Day 265
We were told today that most likely we are doing into further shutdown, a new stay at home order. We haven’t had that in months, yet here we are again. The COVID numbers are skyrocketing, and although many people get this virus and do ok, many people end up in the hospital and the concern is that the ICU’s will soon be overwhelmed. They call it COVID fatigue, that idea that we just can’t do this anymore. The masks, the six feet apart, the canceling of holiday plans, again. And many people don’t do any of those things, which is why we are in this mess again. All I think about when I see the rising numbers is Steven being in the ER and ICU working in Michigan day after day. It keeps me focused when I want this to just all be over.
Many people continued their Thanksgiving travels, planes, trains, and automobiles, not wanting to miss time with their family. The reality is, and the message all month was, have it hard now, or maybe not have some people with us during the holidays next year, but people didn’t listen. So the warnings since Sunday have been this could all go south. It has only been a week, and cases are skyrocketing, and we aren’t even in the thick of it yet. You would think people would listen, especially 265 days into it, stay home, but they didn’t. So now we will be forced to stay home, back on further restrictions, but this time, I am more prepared. I went grocery shopping online, have my holiday shopping almost done, realizing that my birthday is next week, Hanukkah two days later, Christmas, then New Years, and all of it will be spent at home, on my couch. I am grateful though to be healthy and able to spend it here with my immediate family. Learning to figure it out as we go, and learning to not just make it through, but make it better.

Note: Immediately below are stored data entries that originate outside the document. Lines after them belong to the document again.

lemma eq_0_if_AE_inner_eq_0:
  fixes X :: "'w \<Rightarrow> real^'k" and f :: "'w \<Rightarrow> real"
  assumes int: "\<And>i j. integrable M (\<lambda>w. X w $ i * X w $ j / f w)"
    and inv: "invertible (\<chi> i j. integral\<^sup>L M (\<lambda>w. X w $ i * X w $ j / f w))"
    and ae: "AE w in M. X w \<bullet> v = 0"
  shows "v = 0"
proof -
  let ?G = "\<chi> i j. integral\<^sup>L M (\<lambda>w. X w $ i * X w $ j / f w)"
  have "(?G *v v) $ i = 0" for i
  proof -
    have "(?G *v v) $ i = (\<Sum>j\<in>UNIV. integral\<^sup>L M (\<lambda>w. X w $ i * X w $ j / f w) * v $ j)"
      by (simp add: matrix_vector_mult_def)
    also have "\<dots> = (\<Sum>j\<in>UNIV. integral\<^sup>L M (\<lambda>w. X w $ i * X w $ j / f w * v $ j))"
      by (simp only: integral_mult_left_zero)
    also have "\<dots> = integral\<^sup>L M (\<lambda>w. \<Sum>j\<in>UNIV. X w $ i * X w $ j / f w * v $ j)"
      by (rule Bochner_Integration.integral_sum[symmetric]) (use int in \<open>simp del: times_divide_eq_left\<close>)
    also have "\<dots> = integral\<^sup>L M (\<lambda>w. 0)"
    proof (rule integral_cong_AE)
      show "(\<lambda>w. \<Sum>j\<in>UNIV. X w $ i * X w $ j / f w * v $ j) \<in> borel_measurable M"
        using int by (intro borel_measurable_sum borel_measurable_times borel_measurable_const) auto
      show "AE w in M. (\<Sum>j\<in>UNIV. X w $ i * X w $ j / f w * v $ j) = 0"
        using ae
      proof eventually_elim
        case (elim w)
        have "(\<Sum>j\<in>UNIV. X w $ i * X w $ j / f w * v $ j) = X w $ i / f w * (X w \<bullet> v)"
          by (simp add: inner_vec_def sum_distrib_left mult_ac)
        then show ?case
          using elim by simp
      qed
    qed simp
    finally show ?thesis by simp
  qed
  then have "?G *v v = 0"
    by (simp add: vec_eq_iff)
  moreover obtain H where "H ** ?G = mat 1"
    using inv unfolding invertible_def by blast
  then have "v = H *v (?G *v v)"
    by (simp add: matrix_vector_mul_assoc)
  ultimately show "v = 0"
    by simp
qed

context sigma_finite_subalgebra
begin

lemma nn_cond_exp_eq_real_cond_exp:
  assumes "integrable M f" "\<And>x. 0 \<le> f x"
  shows "AE x in M. nn_cond_exp M F (\<lambda>x. ennreal (f x)) x = ennreal (real_cond_exp M F f x)"
proof -
  have [measurable]: "f \<in> borel_measurable M"
    using assms(1) by auto
  have "(\<integral>\<^sup>+ x. 1 * nn_cond_exp M F (\<lambda>x. ennreal (f x)) x \<partial>M) = (\<integral>\<^sup>+ x. 1 * ennreal (f x) \<partial>M)"
    by (rule nn_cond_exp_intg) auto
  also have "\<dots> < \<infinity>"
    using assms by (simp add: integrable_iff_bounded)
  finally have finite: "AE x in M. nn_cond_exp M F (\<lambda>x. ennreal (f x)) x \<noteq> \<infinity>"
    by (intro nn_integral_PInf_AE) auto
  have neg_part: "(\<lambda>x. ennreal (- f x)) = (\<lambda>x. 0)"
    using assms(2) by (simp add: ennreal_neg)
  have "AE x in M. 0 = nn_cond_exp M F (\<lambda>x. 0) x"
    by (rule nn_cond_exp_F_meas) auto
  with finite show ?thesis
    unfolding real_cond_exp_def neg_part by eventually_elim (auto simp: ennreal_enn2real_if)
qed

lemma nn_integral_mult_real_cond_exp:
  assumes f: "integrable M f" "\<And>x. 0 \<le> f x"
    and h[measurable]: "h \<in> borel_measurable F" and "\<And>x. 0 \<le> h x"
  shows "(\<integral>\<^sup>+ x. ennreal (h x * f x) \<partial>M) = (\<integral>\<^sup>+ x. ennreal (h x * real_cond_exp M F f x) \<partial>M)"
proof -
  have [measurable]: "f \<in> borel_measurable M"
    using f by auto
  have "(\<integral>\<^sup>+ x. ennreal (h x * f x) \<partial>M) = (\<integral>\<^sup>+ x. ennreal (h x) * ennreal (f x) \<partial>M)"
    using assms by (simp add: ennreal_mult)
  also have "\<dots> = (\<integral>\<^sup>+ x. ennreal (h x) * nn_cond_exp M F (\<lambda>x. ennreal (f x)) x \<partial>M)"
    by (rule nn_cond_exp_intg[symmetric]) auto
  also have "\<dots> = (\<integral>\<^sup>+ x. ennreal (h x * real_cond_exp M F f x) \<partial>M)"
  proof (rule nn_integral_cong_AE)
    have "AE x in M. 0 \<le> real_cond_exp M F f x"
      using f by (intro real_cond_exp_pos) auto
    then show "AE x in M. ennreal (h x) * nn_cond_exp M F (\<lambda>x. ennreal (f x)) x = ennreal (h x * real_cond_exp M F f x)"
      using nn_cond_exp_eq_real_cond_exp[OF f] by eventually_elim (simp add: assms ennreal_mult)
  qed
  finally show ?thesis .
qed

lemma real_cond_exp_square_add:
  assumes U: "integrable M U" "integrable M (\<lambda>x. (U x)\<^sup>2)"
    and U_mean: "AE x in M. real_cond_exp M F U x = 0"
    and d[measurable]: "d \<in> borel_measurable F" and d_sq: "integrable M (\<lambda>x. (d x)\<^sup>2)"
  shows "AE x in M. real_cond_exp M F (\<lambda>x. (U x + d x)\<^sup>2) x = real_cond_exp M F (\<lambda>x. (U x)\<^sup>2) x + (d x)\<^sup>2"
proof -
  have [measurable]: "U \<in> borel_measurable M" "d \<in> borel_measurable M"
    using U(1) measurable_from_subalg[OF subalg d] by auto
  have dU: "integrable M (\<lambda>x. d x * U x)"
    by (rule integrable_mult_of_squares) (use U d_sq in auto)
  have sq: "(\<lambda>x. (U x + d x)\<^sup>2) = (\<lambda>x. (U x)\<^sup>2 + (2 * (d x * U x) + (d x)\<^sup>2))"
    by (simp add: power2_sum algebra_simps)
  have "AE x in M. real_cond_exp M F (\<lambda>x. (U x)\<^sup>2 + (2 * (d x * U x) + (d x)\<^sup>2)) x
      = real_cond_exp M F (\<lambda>x. (U x)\<^sup>2) x + real_cond_exp M F (\<lambda>x. 2 * (d x * U x) + (d x)\<^sup>2) x"
    by (rule real_cond_exp_add) (use U dU d_sq in auto)
  moreover have "AE x in M. real_cond_exp M F (\<lambda>x. 2 * (d x * U x) + (d x)\<^sup>2) x
      = real_cond_exp M F (\<lambda>x. 2 * (d x * U x)) x + real_cond_exp M F (\<lambda>x. (d x)\<^sup>2) x"
    by (rule real_cond_exp_add) (use dU d_sq in auto)
  moreover have "AE x in M. real_cond_exp M F (\<lambda>x. 2 * (d x * U x)) x = 2 * real_cond_exp M F (\<lambda>x. d x * U x) x"
    by (rule real_cond_exp_cmult[OF dU])
  moreover have "AE x in M. real_cond_exp M F (\<lambda>x. d x * U x) x = d x * real_cond_exp M F U x"
    by (rule real_cond_exp_mult) (use dU in auto)
  moreover have "AE x in M. real_cond_exp M F (\<lambda>x. (d x)\<^sup>2) x = (d x)\<^sup>2"
    by (rule real_cond_exp_F_meas[OF d_sq]) measurable
  ultimately show ?thesis
    unfolding sq using U_mean by eventually_elim simp
qed

lemma nn_integral_scale_loss_cond:
  assumes U: "integrable M U" "integrable M (\<lambda>x. (U x)\<^sup>2)"
    and U_mean: "AE x in M. real_cond_exp M F U x = 0"
    and U_var: "AE x in M. real_cond_exp M F (\<lambda>x. (U x)\<^sup>2) x = v x" and [measurable]: "v \<in> borel_measurable M"
    and d[measurable]: "d \<in> borel_measurable F" and d_sq: "integrable M (\<lambda>x. (d x)\<^sup>2)"
    and S[measurable]: "S \<in> borel_measurable F" and S_pos: "\<And>x. 0 < S x"
  shows "(\<integral>\<^sup>+ x. ennreal (((U x + d x)\<^sup>2 / S x + S x) / 2) \<partial>M)
       = (\<integral>\<^sup>+ x. ennreal (((v x + (d x)\<^sup>2) / S x + S x) / 2) \<partial>M)"
proof -
  have [measurable]: "U \<in> borel_measurable M" "d \<in> borel_measurable M" "S \<in> borel_measurable M"
    using U(1) measurable_from_subalg[OF subalg d] measurable_from_subalg[OF subalg S] by auto
  let ?h = "\<lambda>x. 1 / (2 * S x)"
  have h_F: "?h \<in> borel_measurable F"
    by measurable
  have loss: "((r / S x + S x) / 2) = ?h x * r + S x / 2" for r x
    using S_pos[of x] by (simp add: field_simps)
  have split: "(\<integral>\<^sup>+ x. ennreal (((r x) / S x + S x) / 2) \<partial>M)
      = (\<integral>\<^sup>+ x. ennreal (?h x * r x) \<partial>M) + (\<integral>\<^sup>+ x. ennreal (S x / 2) \<partial>M)"
    if [measurable]: "r \<in> borel_measurable M" and "AE x in M. 0 \<le> r x" for r
  proof -
    have "(\<integral>\<^sup>+ x. ennreal (((r x) / S x + S x) / 2) \<partial>M) = (\<integral>\<^sup>+ x. ennreal (?h x * r x) + ennreal (S x / 2) \<partial>M)"
      by (rule nn_integral_cong_AE) (use that(2) in \<open>eventually_elim, simp add: loss S_pos less_imp_le\<close>)
    also have "\<dots> = (\<integral>\<^sup>+ x. ennreal (?h x * r x) \<partial>M) + (\<integral>\<^sup>+ x. ennreal (S x / 2) \<partial>M)"
      by (rule nn_integral_add) measurable
    finally show ?thesis .
  qed
  have "AE x in M. 0 \<le> real_cond_exp M F (\<lambda>x. (U x)\<^sup>2) x"
    by (rule real_cond_exp_pos) auto
  then have v_nonneg: "AE x in M. 0 \<le> v x"
    using U_var by eventually_elim simp
  have "(\<integral>\<^sup>+ x. ennreal (?h x * (U x + d x)\<^sup>2) \<partial>M)
      = (\<integral>\<^sup>+ x. ennreal (?h x * real_cond_exp M F (\<lambda>x. (U x + d x)\<^sup>2) x) \<partial>M)"
    by (rule nn_integral_mult_real_cond_exp[OF integrable_square_add _ h_F])
       (use U d_sq S_pos in \<open>auto intro: less_imp_le\<close>)
  also have "\<dots> = (\<integral>\<^sup>+ x. ennreal (?h x * (v x + (d x)\<^sup>2)) \<partial>M)"
    by (rule nn_integral_cong_AE) (use real_cond_exp_square_add[OF U U_mean d d_sq] U_var in \<open>eventually_elim, simp\<close>)
  moreover have "AE x in M. 0 \<le> v x + (d x)\<^sup>2"
    using v_nonneg by eventually_elim simp
  ultimately show ?thesis
    by (simp add: split)
qed

end

lemma open_sdom: "open (sdom a)"
proof (cases a)
  case (real r)
  then have "sdom a = {r<..}"
    by (auto simp: sdom_def)
  then show ?thesis
    by simp
qed (simp_all add: sdom_def)

lemma sigma_finite_subalgebra_sigX:
  assumes "prob_space M" "X \<in> borel_measurable M"
  shows "sigma_finite_subalgebra M (sigX M X)"
proof (rule finite_measure_subalgebra_is_sigma_finite)
  have "subalgebra M (sigX M X)"
    unfolding sigX_def subalgebra_def using sets_image_in_sets[of M "space M" X borel] assms(2) by auto
  then show "finite_measure_subalgebra M (sigX M X)"
    using prob_space.finite_measure[OF assms(1)]
    by (simp add: finite_measure_subalgebra_def finite_measure_subalgebra_axioms_def)
qed

lemma measurable_sigX:
  "h \<in> borel_measurable borel \<Longrightarrow> (\<lambda>w. h (X w)) \<in> borel_measurable (sigX M X)"
  unfolding sigX_def by (rule measurable_compose[OF measurable_vimage_algebra1]) auto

\Today I realized the importance of creating space, space for my students to come and know that I am here for them. Four days a week I host a digital writing space, just a place for students to come and get caught up, work on projects, connect. It is my way of saying, hey, we are in this together, let’s do this, and here is my virtual hug, a cup of coffee, and words of encouragement. Students selected Holiday Piano Music in the background today, and we work together, sometimes in silence, but it is less lonely, for me and for them. We started our writing club as well today. We are small, but we will grow. Again, learning to focus on the positive, on the present, on the being there. Excited for the new projects we are trying on together. Will share more here next week as we publish.
There are so many things I wish I could do during all this, but I am learning to do what I can and be consistently present as they come and go from our space. Maybe that is the lesson in all this for me right now, learning to be present, consistently and persistently there for my students.